(Data listing begins)

lemma pullback_lift_edge:
  assumes bc: "b \<in> gV B" "c \<in> gV C" "f b = g c" and bb': "(b, b') \<in> gE B"
  shows "\<exists>T\<subseteq>gV (pullback B C f g e). connected_in (pullback B C f g e) T \<and> e b c \<in> T
           \<and> pr ` T \<subseteq> {b, b'} \<and> b' \<in> pr ` T"
proof (cases "f b = f b'")
  case True
  have graph_P: "is_graph (pullback B C f g e)"
    by (rule is_graph_pullback[OF graph_B graph_C])
  have edge: "(e b c, e b' c) \<in> gE (pullback B C f g e)"
    using bb' bc True graph_edge_refl[OF graph_C bc(2)] unfolding mem_gE_pullback by metis
  show ?thesis
    using connected_in_edge[OF graph_P edge] graph_edge_vertices[OF graph_P edge] pr_e
    by (intro exI[of _ "{e b c, e b' c}"]) auto
next
  case False
  have "(f b, f b') \<in> gE A"
    using hom_f bb' unfolding homomorphism_def by auto
  from confluent_lift_edge[OF graph_A graph_C confluent_g this bc(2) bc(3)[symmetric]]
  obtain K where K: "K \<subseteq> gV C" "connected_in C K" "c \<in> K" "g ` K = {f b, f b'}"
    by (elim exE conjE)
  define side where "side x = (if g x = f b then b else b')" for x
  have side: "side x \<in> {b, b'}" "f (side x) = g x" if "x \<in> K" for x
    using that K(4) unfolding side_def by auto
  have "(e (side x) x, e (side y) y) \<in> gE (pullback B C f g e)"
    if "x \<in> K" "y \<in> K" "(x, y) \<in> gE C" for x y
  proof -
    have "(side x, side y) \<in> gE B"
      using side(1)[OF that(1)] side(1)[OF that(2)] bb' graph_edge_sym[OF graph_B bb']
        graph_edge_refl[OF graph_B] bc(1) graph_edge_vertices[OF graph_B bb'] by auto
    then show ?thesis
      unfolding mem_gE_pullback using that(3) side(2)[OF that(1)] side(2)[OF that(2)] by blast
  qed
  then have "connected_in (pullback B C f g e) ((\<lambda>x. e (side x) x) ` K)"
    by (intro connected_in_image[OF K(2)])
  moreover have "(\<lambda>x. e (side x) x) ` K \<subseteq> gV (pullback B C f g e)"
  proof (rule image_subsetI)
    fix x assume "x \<in> K"
    then have "side x \<in> gV B" "x \<in> gV C"
      using side(1) K(1) bc(1) graph_edge_vertices[OF graph_B bb'] by auto
    then show "e (side x) x \<in> gV (pullback B C f g e)"
      unfolding mem_gV_pullback using side(2)[OF \<open>x \<in> K\<close>] by blast
  qed
  moreover have "e b c \<in> (\<lambda>x. e (side x) x) ` K"
    using K(3) bc(3) unfolding side_def by force
  moreover have "pr ` (\<lambda>x. e (side x) x) ` K \<subseteq> {b, b'}"
    using side(1) by (auto simp: pr_e image_subset_iff)
  moreover have "b' \<in> pr ` (\<lambda>x. e (side x) x) ` K"
  proof -
    obtain x where "x \<in> K" "g x = f b'"
      using K(4) by (metis imageE insertCI)
    then show ?thesis
      using False unfolding side_def by (force simp: pr_e)
  qed
  ultimately show ?thesis
    by blast
qed

lemma edge_lifting_pullback_component:
  "edge_lifting (component_graph (pullback B C f g e) v) B pr"
  unfolding edge_lifting_def
proof (intro ballI allI impI)
  let ?P = "pullback B C f g e"
  let ?K = "component_of ?P (gV ?P) v"
  fix z b' assume "z \<in> gV (component_graph ?P v)" "(pr z, b') \<in> gE B"
  then have z: "z \<in> ?K" "(pr z, b') \<in> gE B"
    by (simp_all add: gV_component_graph)
  have "z \<in> gV ?P"
    using z(1) component_of_subset[of ?P "gV ?P" v] by blast
  then obtain b c where "z = e b c" "b \<in> gV B" "c \<in> gV C" "f b = g c"
    unfolding mem_gV_pullback by blast
  moreover from this have "pr z = b"
    by (simp add: pr_e)
  ultimately obtain T where T: "T \<subseteq> gV ?P" "connected_in ?P T" "z \<in> T"
    "pr ` T \<subseteq> {pr z, b'}" "b' \<in> pr ` T"
    using pullback_lift_edge z(2) by metis
  have "T \<subseteq> ?K"
    using T(2,1,3) z(1) by (rule component_of_absorb)
  then show "\<exists>T\<subseteq>gV (component_graph ?P v). connected_in (component_graph ?P v) T \<and> z \<in> T
      \<and> pr ` T \<subseteq> {pr z, b'} \<and> b' \<in> pr ` T"
    using T unfolding component_graph_def by (auto simp: connected_in_induced_subgraph)
qed

lemma confluent_pullback_component:
  assumes "graph_connected B" "v \<in> gV (pullback B C f g e)"
  shows "confluent (component_graph (pullback B C f g e) v) B pr"
proof (rule confluent_if_edge_lifting)
  have graph_P: "is_graph (pullback B C f g e)"
    by (rule is_graph_pullback[OF graph_B graph_C])
  then show "is_graph (component_graph (pullback B C f g e) v)"
    by (rule is_graph_component_graph)
  show "gV (component_graph (pullback B C f g e) v) \<noteq> {}"
    using mem_component_graph[OF graph_P assms(2)] by blast
  show "homomorphism (component_graph (pullback B C f g e) v) B pr"
    by (intro homomorphism_component_graph homomorphism_pullback_proj pr_e)
qed (use graph_B assms(1) edge_lifting_pullback_component in auto)

end

section \<open>Finite connected graphs\<close>

lemma singleton_graph_in_finite_connected_graphs: "({n}, {(n, n)}) \<in> finite_connected_graphs"
proof -
  have "is_graph ({n}, {(n, n)})"
    unfolding is_graph_def by simp
  moreover from this have "connected_in ({n}, {(n, n)}) {n}"
    by (rule connected_in_singleton) simp
  ultimately show ?thesis
    unfolding finite_connected_graphs_def graph_connected_def by simp
qed

lemma countable_finite_connected_graphs: "countable finite_connected_graphs"
proof (rule countable_subset)
  show "finite_connected_graphs \<subseteq> Collect finite \<times> Collect finite"
  proof
    fix G assume "G \<in> finite_connected_graphs"
    then have "finite (gV G)" "gE G \<subseteq> gV G \<times> gV G"
      unfolding finite_connected_graphs_def is_graph_def by auto
    then show "G \<in> Collect finite \<times> Collect finite"
      unfolding gV_def gE_def mem_Times_iff by (simp add: finite_subset)
  qed
  show "countable (Collect finite \<times> Collect finite :: (nat set \<times> (nat \<times> nat) set) set)"
    by (intro countable_SIGMA countable_Collect_finite)
qed

lemma confluent_amalgamation:
  assumes "A \<in> finite_connected_graphs" "B \<in> finite_connected_graphs" "C \<in> finite_connected_graphs"
    and f: "confluent B A f" and g: "confluent C A g"
  shows "\<exists>D\<in>finite_connected_graphs. \<exists>f0 g0.
           confluent D B f0 \<and> confluent D C g0 \<and> (\<forall>x\<in>gV D. f (f0 x) = g (g0 x))"
proof -
  have graphs: "is_graph A" "is_graph B" "is_graph C"
    and finite_BC: "finite (gV B)" "finite (gV C)"
    and connected: "graph_connected B" "graph_connected C" and "gV A \<noteq> {}"
    using assms(1-3) unfolding finite_connected_graphs_def by auto
  have "f ` gV B = gV A" "g ` gV C = gV A" "homomorphism B A f" "homomorphism C A g"
    using f g unfolding confluent_def epimorphism_def by auto
  define e :: "nat \<Rightarrow> nat \<Rightarrow> nat" where "e b c = prod_encode (b, c)" for b c
  let ?P = "pullback B C f g e"
  obtain v where v: "v \<in> gV ?P"
  proof -
    obtain b c where "b \<in> gV B" "c \<in> gV C" "f b = g c"
      using \<open>gV A \<noteq> {}\<close> \<open>f ` gV B = gV A\<close> \<open>g ` gV C = gV A\<close> by (metis ex_in_conv imageE)
    then show thesis
      using that unfolding mem_gV_pullback by blast
  qed
  define D where "D = component_graph ?P v"
  have fst_e: "(fst \<circ> prod_decode) (e b c) = b" and snd_e: "(snd \<circ> prod_decode) (e b c) = c" for b c
    by (simp_all add: e_def)
  have "confluent D B (fst \<circ> prod_decode)"
    unfolding D_def
    by (rule confluent_pullback_component[where e = e and pr = "fst \<circ> prod_decode",
          OF graphs \<open>homomorphism B A f\<close> g fst_e connected(1) v])
  moreover have "confluent D C (snd \<circ> prod_decode)"
    unfolding D_def pullback_swap[of C B g f e, symmetric]
    by (rule confluent_pullback_component[where e = "\<lambda>c b. e b c" and pr = "snd \<circ> prod_decode",
          OF graphs(1,3,2) \<open>homomorphism C A g\<close> f snd_e connected(2)])
      (unfold pullback_swap[of C B g f e], rule v)
  moreover have "f ((fst \<circ> prod_decode) x) = g ((snd \<circ> prod_decode) x)" if "x \<in> gV D" for x
  proof -
    have "x \<in> gV ?P"
      using that component_of_subset[of ?P "gV ?P" v] unfolding D_def gV_component_graph by blast
    then obtain b c where "x = e b c" "f b = g c"
      unfolding mem_gV_pullback by blast
    then show ?thesis
      by (simp only: fst_e snd_e)
  qed
  moreover have "D \<in> finite_connected_graphs"
  proof -
    have "is_graph ?P" "finite (gV ?P)"
      using graphs finite_BC by (simp_all add: is_graph_pullback finite_gV_pullback)
    then have "is_graph D" "v \<in> gV D" "finite (gV D)"
      unfolding D_def using is_graph_component_graph[of ?P] mem_component_graph[of ?P] v
        component_of_subset[of ?P "gV ?P" v]
      by (auto simp: gV_component_graph intro: finite_subset)
    then show ?thesis
      unfolding finite_connected_graphs_def D_def
      using graph_connected_component_graph[of ?P v] by auto
  qed
  ultimately show ?thesis
    by blast
qed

(Data listing ends)

- What is needed:
What is needed here is how many lines of the entries contain "moreover"; give that number alone.

- Completed exercise:
9